— Предлагаю направить с вами, поручик, шесть-восемь офицеров, которые помогут вам нейтрализовать сопротивление часовых и караула при оружейной полка.
— При всем уважении к вам, мне кажется, что это будет неправильно. На меня и так косятся, а если я еще приведу группу незнакомых офицеров на территорию полка, то могут легко заподозрить неладное. Поэтому двух, в крайнем случае, трех офицеров, думаю, будет достаточно. Скажу: сослуживцы. Прибыли только что с фронта, заехали навестить.
— Гм. Пусть будет так. Поручик Ржевский. Штабс-капитан Долинин. Вы пойдете с поручиком. Не церемоньтесь! Нужно — применяйте оружие! И еще. Группа из восьми офицеров будет находиться поблизости от ворот полка. Дайте сигнал и они придут к вам на помощь. Капитан Швырин, вы назначаетесь командиром этой группы! Господа! Вы должны понимать, что нам жизненно необходимо оружие. В особенности пулеметы. От этого зависит очень многое, если не все! Вам все понятно?!
— Так точно!
— Садитесь, господа! Как вы знаете: после захвата царского дворца и оружия в Екатерининском полку, вы все становитесь командирами отдельных отрядов. Планы действий вами уже получены, поэтому повторяться не вижу смысла. Добавлю только одно: вольницы не допускать. Пресекать все попытки мародерства и бандитизма путем расстрела на месте! Это всем понятно?!
— Так точно! — раздался разноголосый хор голосов.
— Вопросы есть?!
— Есть, господин капитан первого ранга! С Романовым все ясно. Или подпишет отречение, или.... Тогда что будет с его семьей?
— Пока Россия не утвердиться в новой власти, будут заложниками. Или вы насчет царевича?
— Насчет него. Он прямой наследник трона.
— Врать не буду, капитан. Мы это просто не обсуждали. Еще вопросы, господа?! — он обвел глазами заговорщиков. — Нет?! Тогда, на этом все! С Богом, господа!
Капитан первого ранга соврал. Приговор отцу и сыну Романовым был фактически подписан и как только новый император даст согласие взойти на трон, будет сразу исполнен.
"Чтобы не дать погибнуть империи надо идти на жертвы, пусть даже это будет мальчик. Сначала я принес в жертву своих сыновей, теперь очередь за Романовым".
Еще он знал, что не только эти слова были ложью. Матросы и офицеры, которые должны были захватить оружие в Екатерининском полку, были своего рода приманкой. Они должны были отвлечь внимание городских и военных властей от мятежников, которые захватят дворец и возьмут царскую семью в заложники. Все это внесет смуту и разлад среди генералов и даст время для переговоров с будущим императором России.

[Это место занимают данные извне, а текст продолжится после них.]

(* Let $k\ge1$, $\beta>0$, $J,J_p\in\mathbb{R}$, $a=e^{2\beta J}$, $b=e^{2\beta J_p}$. Let $\mathbf{u}=\{\mathbf{u}_{xy}\}$, with $\mathbf{u}_{xy}=(u_{xy,1},u_{xy,2},u_{xy,3})\in(0,\infty)^3$ for each $x\in V$ and $y\in S(x)$, satisfy for every such edge $$u_{xy,1}=a\prod_{z\in S(y)}\frac{b u_{yz,3}+1}{u_{yz,3}+b},\quad u_{xy,2}=a\prod_{z\in S(y)}\frac{(b u_{yz,2}+1)u_{yz,3}}{(u_{yz,3}+b)u_{yz,1}},\quad u_{xy,3}=a\prod_{z\in S(y)}\frac{(b u_{yz,3}+1)u_{yz,1}}{(u_{yz,2}+b)u_{yz,3}}.$$ Then two things hold. (i) There exist boundary fields $\mathbf{h}$ with $u_{xy,1}=a e^{h_{xy,++}+h_{xy,-+}}$, $u_{xy,2}=a e^{h_{xy,--}+h_{xy,-+}}$ and $u_{xy,3}=a e^{h_{xy,++}+h_{xy,+-}}$ for all edges, such that the measures $\mu^{(n)}_{\mathbf{h}}$ are compatible. (ii) All boundary fields $\mathbf{h}$ satisfying these relations give the same family $\{\mu^{(n)}_{\mathbf{h}}\}_{n\ge1}$. Consequently there is a unique Gibbs measure $\mu_{\mathbf{u}}$ associated with $\mathbf{u}$.
   Context: $\Gamma^k_+=(V,\Lambda)$ is the semi-infinite Cayley tree of order $k$ with root $x^0$. We write $|x|=d(x,x^0)$, $W_n=\{|x|=n\}$, $V_n=\{|x|\le n\}$, and $S(x)$ for the set of direct successors of $x$. Nearest neighbours $\langle x,y\rangle$ satisfy $d(x,y)=1$. Prolonged next-nearest neighbours $\widetilde{>x,y<}$ satisfy $d(x,y)=2$ and $|x|\ne|y|$. The Hamiltonian is $$H_n(\sigma)=-J_p\sum_{\widetilde{>x,y<}\subset V_n}\sigma(x)\sigma(y)-J\sum_{\langle x,y\rangle\subset V_n}\sigma(x)\sigma(y)$$ for $\sigma\in\{-1,+1\}^{V_n}$. A boundary field $\mathbf{h}$ assigns reals $h_{xy,++},h_{xy,+-},h_{xy,-+},h_{xy,--}$ to each edge. The measures are $$\mu^{(n)}_{\mathbf{h}}(\sigma)=Z_n^{-1}\exp\Big[-\beta H_n(\sigma)+\sum_{x\in W_{n-1}}\sum_{y\in S(x)}\sigma(x)\sigma(y)h_{xy,\sigma(x)\sigma(y)}\Big],$$ with $Z_n$ the normalizing constant. They are compatible if $\sum_{\omega\in\{-1,+1\}^{W_n}}\mu^{(n)}_{\mathbf{h}}(\sigma\vee\omega)=\mu^{(n-1)}_{\mathbf{h}}(\sigma)$ for all $n\ge2$ and all $\sigma\in\{-1,+1\}^{V_{n-1}}$. A compatible family determines, by Kolmogorov's theorem, a unique probability measure on $\{-1,+1\}^V$ with these marginals, called a Gibbs measure. *)

theory Defs
  imports Main "HOL-Library.FuncSet" Complex_Main
begin

(* Semi-infinite Cayley tree of order k: vertices are words over {0..<k},
   root = [], |x| = length x, direct successors S(x) = {x @ [i] | i < k}. *)

definition tree_V :: "nat \<Rightarrow> nat list set" where
  "tree_V k = {x. set x \<subseteq> {..<k}}"

definition succs :: "nat \<Rightarrow> nat list \<Rightarrow> nat list set" where
  "succs k x = {x @ [i] | i. i < k}"

definition ball_V :: "nat \<Rightarrow> nat \<Rightarrow> nat list set" where
  "ball_V k n = {x \<in> tree_V k. length x \<le> n}"

definition sphere_W :: "nat \<Rightarrow> nat \<Rightarrow> nat list set" where
  "sphere_W k n = {x \<in> tree_V k. length x = n}"

definition nn_pairs :: "nat \<Rightarrow> nat \<Rightarrow> (nat list \<times> nat list) set" where
  "nn_pairs k n = {(x, y). x \<in> ball_V k n \<and> y \<in> ball_V k n \<and> y \<in> succs k x}"

(* prolonged next-nearest-neighbour pairs in V_n: d(x,z) = 2 and |x| \<noteq> |z|,
   i.e. z is a grandchild of x; each unordered pair listed once *)
definition pnnn_pairs :: "nat \<Rightarrow> nat \<Rightarrow> (nat list \<times> nat list) set" where
  "pnnn_pairs k n = {(x, z). x \<in> ball_V k n \<and> z \<in> ball_V k n \<and>
                        (\<exists>y \<in> succs k x. z \<in> succs k y)}"

definition configs_on :: "nat list set \<Rightarrow> (nat list \<Rightarrow> real) set" where
  "configs_on A = (A \<rightarrow>\<^sub>E {-1, 1})"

"Да какие, к черту, переговоры! — и капитан первого ранга вернулся мыслями к разговору, который состоялся у него с преемником Николая II две недели тому назад. — Все уже решено. Да если и так! Пусть обман, пусть заговор, пусть новый царь! Все это было в российской истории не один раз! Главное не в этом, а в спасении России! Именно новая, обновленная Россия поставит германцев на колени! Благо целой страны ничто перед гнусным преступлением одного человека!".
Командир крейсера тяжело вздохнул. Уж он-то знал, что пафосными словами собственную совесть не обманешь. К тому же все чаще он стал приходить к мысли, которую старался сразу отогнать, а вдруг его на это страшное преступление толкает не любовь к России, а простая человеческая месть. За погибших в море сыновей, за сердечницу-жену, которая в одночасье умерла от сердечного приступа, узнав о смерти второго сына. В такие минуты он начинал думать о пистолете, поднесенном к виску.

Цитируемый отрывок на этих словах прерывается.